Miles
The house is quiet when I wake. The kind of stillness that speaks of the dead of night.
Everyone’s sleeping, and it feels as though the rest of the world is too, only the barest hint of life outside the house.
Xavier, who was beside me when we went to sleep, is gone.
No reason to worry, I know exactly where he is.
Hunter had to have known what would happen, too, even when he’d smiled saccharinely and shown us “our” room.
Throwing off the sheet and blanket, I lift my clothes from the rocking chair in the corner. It’s warm tonight, so I don’t bother putting socks on, and I leave my shirt unbuttoned, hanging at my sides. Quickly putting my hair up in a ponytail, I venture out.

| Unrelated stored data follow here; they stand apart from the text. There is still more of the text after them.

(* There exist an environment $E$ and a total preorder $\succeq$ on $\Pi^E$ such that $\succeq\in\mathrm{Ord}_{\mathrm{RM}}(E)$ but $\succeq\notin\mathrm{Ord}_{\mathrm{ONMR}}(E)$.
   Context: An environment is a tuple $E=(\mathcal S,\mathcal A,\mathcal T,\mathcal I)$ where $\mathcal S,\mathcal A$ are finite nonempty sets, $\mathcal T:\mathcal S\times\mathcal A\to\Delta(\mathcal S)$ and $\mathcal I\in\Delta(\mathcal S)$. A policy is a map $\pi:\mathcal S\to\Delta(\mathcal A)$ (stationary, possibly stochastic); $\Pi^E$ denotes the set of all policies. A trajectory $\xi=(s_0,a_0,s_1,a_1,\dots)$ is generated under $\pi$ by $s_0\sim\mathcal I$, $a_t\sim\pi(s_t)$, $s_{t+1}\sim\mathcal T(s_t,a_t)$; $\mathbb E^\pi_\xi$ denotes expectation under this distribution. An objective-specification formalism $X$ assigns to each environment $E$ a set of objective specifications, each inducing a total preorder $\succeq$ on $\Pi^E$; $\mathrm{Ord}_X(E)$ is the set of total preorders so induced. A specification defining a scalar $J:\Pi^E\to\mathbb R$ induces $\pi_1\succeq\pi_2\iff J(\pi_1)\ge J(\pi_2)$. RM (reward machines): specification $(U,u_0,\delta_U,\delta_{\mathcal R},\gamma)$ with $U$ a finite set, $u_0\in U$, $\delta_U:U\times\mathcal S\times\mathcal A\times\mathcal S\to U$, $\delta_{\mathcal R}:U\times U\to(\mathcal S\times\mathcal A\times\mathcal S\to\mathbb R)$, $\gamma\in[0,1)$; along a trajectory $u_{t+1}=\delta_U(u_t,s_t,a_t,s_{t+1})$ and $J(\pi)=\mathbb E^\pi_\xi[\sum_{t=0}^\infty\gamma^t\,\delta_{\mathcal R}(u_t,u_{t+1})(s_t,a_t,s_{t+1})]$. ONMR: specification $(\mathcal R,f,\gamma)$ with $\mathcal R:\mathcal S\times\mathcal A\times\mathcal S\to\mathbb R$, $f:\mathbb R\to\mathbb R$, $\gamma\in[0,1)$; $J(\pi)=f\big(\mathbb E^\pi_\xi[\sum_{t=0}^\infty\gamma^t\mathcal R(s_t,a_t,s_{t+1})]\big)$. *)

theory Defs
  imports "HOL-Probability.Probability"
begin

record env =
  St :: "nat set"
  Act :: "nat set"
  Trans :: "nat \<Rightarrow> nat \<Rightarrow> nat pmf"
  Init :: "nat pmf"

definition valid_env :: "env \<Rightarrow> bool" where
  "valid_env E \<longleftrightarrow> finite (St E) \<and> St E \<noteq> {} \<and> finite (Act E) \<and> Act E \<noteq> {}
     \<and> set_pmf (Init E) \<subseteq> St E
     \<and> (\<forall>s\<in>St E. \<forall>a\<in>Act E. set_pmf (Trans E s a) \<subseteq> St E)"

definition policies :: "env \<Rightarrow> (nat \<Rightarrow> nat pmf) set" where
  "policies E = {\<pi>. \<forall>s\<in>St E. set_pmf (\<pi> s) \<subseteq> Act E}"

(* Distribution of the trajectory prefix up to time t: the list of the first t
   transitions (s_i, a_i, s_{i+1}) together with the current state s_t. *)
fun hist :: "env \<Rightarrow> (nat \<Rightarrow> nat pmf) \<Rightarrow> nat \<Rightarrow> ((nat \<times> nat \<times> nat) list \<times> nat) pmf" where
  "hist E \<pi> 0 = map_pmf (\<lambda>s. ([], s)) (Init E)"
| "hist E \<pi> (Suc t) = bind_pmf (hist E \<pi> t) (\<lambda>(h, s).
      bind_pmf (\<pi> s) (\<lambda>a. map_pmf (\<lambda>s'. (h @ [(s, a, s')], s')) (Trans E s a)))"

definition rm_run :: "(nat \<Rightarrow> nat \<Rightarrow> nat \<Rightarrow> nat \<Rightarrow> nat) \<Rightarrow> nat \<Rightarrow> (nat \<times> nat \<times> nat) list \<Rightarrow> nat" where
  "rm_run dU u0 h = foldl (\<lambda>u (s, a, s'). dU u s a s') u0 h"

definition rm_step_reward ::
  "(nat \<Rightarrow> nat \<Rightarrow> nat \<Rightarrow> nat \<Rightarrow> nat) \<Rightarrow> (nat \<Rightarrow> nat \<Rightarrow> nat \<Rightarrow> nat \<Rightarrow> nat \<Rightarrow> real) \<Rightarrow> nat
    \<Rightarrow> (nat \<times> nat \<times> nat) list \<Rightarrow> real" where
  "rm_step_reward dU dR u0 h =
     (let (s, a, s') = last h; u = rm_run dU u0 (butlast h) in dR u (dU u s a s') s a s')"

(* J(pi) = E[sum_t gamma^t delta_R(u_t,u_{t+1})(s_t,a_t,s_{t+1})], written as
   sum_t gamma^t E[reward at step t] (the rewards are bounded, so this equals the
   expectation of the discounted sum). *)
definition J_RM :: "env \<Rightarrow> (nat \<Rightarrow> nat \<Rightarrow> nat \<Rightarrow> nat \<Rightarrow> nat) \<Rightarrow> (nat \<Rightarrow> nat \<Rightarrow> nat \<Rightarrow> nat \<Rightarrow> nat \<Rightarrow> real)
    \<Rightarrow> nat \<Rightarrow> real \<Rightarrow> (nat \<Rightarrow> nat pmf) \<Rightarrow> real" where
  "J_RM E dU dR u0 \<gamma> \<pi> =
     (\<Sum>t. \<gamma> ^ t * measure_pmf.expectation (hist E \<pi> (Suc t)) (\<lambda>(h, s). rm_step_reward dU dR u0 h))"

definition valid_RM :: "env \<Rightarrow> nat set \<Rightarrow> nat \<Rightarrow> (nat \<Rightarrow> nat \<Rightarrow> nat \<Rightarrow> nat \<Rightarrow> nat) \<Rightarrow> real \<Rightarrow> bool" where
  "valid_RM E U u0 dU \<gamma> \<longleftrightarrow> finite U \<and> u0 \<in> U
     \<and> (\<forall>u\<in>U. \<forall>s\<in>St E. \<forall>a\<in>Act E. \<forall>s'\<in>St E. dU u s a s' \<in> U)
     \<and> 0 \<le> \<gamma> \<and> \<gamma> < 1"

The spare room that Matthew is sleeping in is on the way to the kitchen, and I pause, listening. No sounds from there either. Good.
Xavier’s bag is where I left it on the couch, his laptop resting inside.
Hunter is as methodical in his storage methods as he is in every other part of his life, so finding coffee items and a mug is easy enough.
It takes fewer than five minutes to be seated at the table, laptop open and coffee steaming.
The information I’m after takes a little longer. Roger has better security than I remembered. He’s learning. I hate that.
It doesn’t mean he’s good enough, or that I can’t get through. Nowhere is impenetrable. Not even our security; it’s why we constantly review it, and anything we don’t want found is simply not available to be found.
A door opens nearby and then soft footsteps. That has to be Matthew. Him walking into the room confirms that theory. He stops when he sees me and rubs one eye. Because he’s tired or checking I’m not an illusion?
“What are you doing?” he asks, voice sleep roughened.
He looks oddly endearing, standing there in the darkened doorway, wearing nothing but black boxers with bananas on them.
He’s holding one hand on his stomach, the other lower, as if shy.
Modesty, even after everything we did last night.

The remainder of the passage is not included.